> [WORK REQUIRED] Once you reach the line containing "using union_of_lines_through_if_mult_eq_degree[OF assms(5,6)]" in the entries below, write out that line and each one after it down to the line containing "interpret torsion_context act G", exactly and with nothing added.
◇ ◇ ◇ ◇ ◇ ◇ ◇
theorem lemma2:
  fixes r k :: nat and P :: "nat \<Rightarrow> pt3" and F :: form3 and Q :: bpt
  assumes "1 \<le> r" and "r \<le> 8" and "general_position r P" and "0 < k"
    and "hom_poly (3 * k) F" and "F \<noteq> (\<lambda>x y z. 0)"
    and "\<forall>i\<in>{1..r}. k \<le> mult_P2 F (P i)"
    and "point_of_Sr r P Q"
  shows "(on_exc Q \<longrightarrow> mult_Sr k F P Q \<le> 2 * int (mult_P2 F (fmap P Q)) - int k)
       \<and> (\<not> on_exc Q \<longrightarrow>
            mult_Sr k F P Q = int (mult_P2 F (fmap P Q))
          \<and> mult_P2 F (fmap P Q) \<le> 3 * k
          \<and> (mult_Sr k F P Q = int (3 * k) \<longrightarrow> union_of_lines_through F (fmap P Q)))"
proof (cases Q)
  case (Off q)
  have "mult_P2 F q \<le> 3 * k"
    using mult_P2_le_degree[OF assms(5,6)] .
  moreover have "mult_P2 F q = 3 * k \<Longrightarrow> union_of_lines_through F q"
    using union_of_lines_through_if_mult_eq_degree[OF assms(5,6)] .
  ultimately show ?thesis
    by (simp add: Off on_exc_def mult_Sr_def fmap_def)
next
  case (Exc i d)
  then show ?thesis
    using mult_Sr_exc_le[OF assms(5,6)] by (simp add: on_exc_def fmap_def)
qed

end
theorem mainTheorem6:
  fixes emb :: "'k::field \<Rightarrow> 'l::ring_1"
    and act :: "'a::ab_group_add \<Rightarrow> 'l \<Rightarrow> 'a"
    and G :: "'a set \<Rightarrow> bool"
    and f :: "'a \<Rightarrow> 'a" and A B :: "'a set"
  assumes "fd_algebra emb"
    and "right_module act"
    and "torsion_class act G"
    and "strict_morph act G f A B"
  shows
    "G (mker f A)
     \<and> strict_morph act G (\<lambda>x. x) (mker f A) A
     \<and> (\<forall>g X. strict_morph act G g X A \<and> (\<forall>x\<in>X. f (g x) = 0)
          \<longrightarrow> strict_morph act G g X (mker f A))
     \<and> (\<forall>C p. fgmod act C \<and> mhom act p B C \<and> p ` B = C \<and> mker p B = f ` A
          \<longrightarrow> G C \<and> strict_morph act G p B C
            \<and> (\<forall>h Y. strict_morph act G h B Y \<and> (\<forall>x\<in>A. h (f x) = 0)
                 \<longrightarrow> (\<exists>hb. strict_morph act G hb C Y \<and> (\<forall>x\<in>B. hb (p x) = h x)
                        \<and> (\<forall>hb'. (\<forall>x\<in>B. hb' (p x) = h x) \<longrightarrow> (\<forall>y\<in>C. hb' y = hb y)))))"
proof -
  interpret torsion_context act G
    using assms(2,3) by (intro torsion_context.intro rmodule.intro torsion_context_axioms.intro)
  have GA: "G A" and GB: "G B" and GK: "G (mker f A)"
    and ker: "strict_subobj act G A (mker f A)" and im: "strict_subobj act G B (f ` A)"
    using assms(4) unfolding strict_morph_def by auto
  have kernel: "strict_morph act G g X (mker f A)"
    if g: "strict_morph act G g X A" "\<forall>x\<in>X. f (g x) = 0" for g X
  proof (rule strict_morph_corestrict[OF g(1)])
    show "subobj act G A (mker f A)"
      using ker unfolding strict_subobj_def by blast
    show "g ` X \<subseteq> mker f A"
      using g unfolding strict_morph_def mhom_def mker_def by auto
  qed
  have cokernel: "\<exists>hb. strict_morph act G hb C Y \<and> (\<forall>x\<in>B. hb (p x) = h x)
                        \<and> (\<forall>hb'. (\<forall>x\<in>B. hb' (p x) = h x) \<longrightarrow> (\<forall>y\<in>C. hb' y = hb y))"
    if p: "mhom act p B C" "p ` B = C" "mker p B = f ` A"
      and h: "strict_morph act G h B Y" "\<forall>x\<in>A. h (f x) = 0" for p C h Y
  proof (intro exI[of _ "induced_hom h p B"] conjI allI impI ballI)
    have kerp: "G (mker p B)" "mker p B \<subseteq> mker h B"
      using p(3) im h unfolding strict_subobj_def subobj_def strict_morph_def mhom_def mker_def
      by auto
    show "strict_morph act G (induced_hom h p B) C Y"
      by (rule strict_morph_induced_hom[OF h(1) p(1,2) kerp])
    show comp: "induced_hom h p B (p x) = h x" if "x \<in> B" for x
      using induced_hom_comp[OF p(1,2) _ G_submod[OF GB] kerp(2) that] h(1)
      unfolding strict_morph_def by blast
    fix hb' y assume "\<forall>x\<in>B. hb' (p x) = h x" "y \<in> C"
    then show "hb' y = induced_hom h p B y"
      using p(2) comp by auto
  qed
  show ?thesis
    using GK strict_morph_inclusion[OF GA ker] kernel
      G_image[OF GB] strict_morph_quotient[OF GB im] cokernel
    by auto
qed

end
◇ ◇ ◇ ◇ ◇ ◇ ◇
> [SOLUTION BELOW]
    using union_of_lines_through_if_mult_eq_degree[OF assms(5,6)] .
  ultimately show ?thesis
    by (simp add: Off on_exc_def mult_Sr_def fmap_def)
next
  case (Exc i d)
  then show ?thesis
    using mult_Sr_exc_le[OF assms(5,6)] by (simp add: on_exc_def fmap_def)
qed

end
theorem mainTheorem6:
  fixes emb :: "'k::field \<Rightarrow> 'l::ring_1"
    and act :: "'a::ab_group_add \<Rightarrow> 'l \<Rightarrow> 'a"
    and G :: "'a set \<Rightarrow> bool"
    and f :: "'a \<Rightarrow> 'a" and A B :: "'a set"
  assumes "fd_algebra emb"
    and "right_module act"
    and "torsion_class act G"
    and "strict_morph act G f A B"
  shows
    "G (mker f A)
     \<and> strict_morph act G (\<lambda>x. x) (mker f A) A
     \<and> (\<forall>g X. strict_morph act G g X A \<and> (\<forall>x\<in>X. f (g x) = 0)
          \<longrightarrow> strict_morph act G g X (mker f A))
     \<and> (\<forall>C p. fgmod act C \<and> mhom act p B C \<and> p ` B = C \<and> mker p B = f ` A
          \<longrightarrow> G C \<and> strict_morph act G p B C
            \<and> (\<forall>h Y. strict_morph act G h B Y \<and> (\<forall>x\<in>A. h (f x) = 0)
                 \<longrightarrow> (\<exists>hb. strict_morph act G hb C Y \<and> (\<forall>x\<in>B. hb (p x) = h x)
                        \<and> (\<forall>hb'. (\<forall>x\<in>B. hb' (p x) = h x) \<longrightarrow> (\<forall>y\<in>C. hb' y = hb y)))))"
proof -
  interpret torsion_context act G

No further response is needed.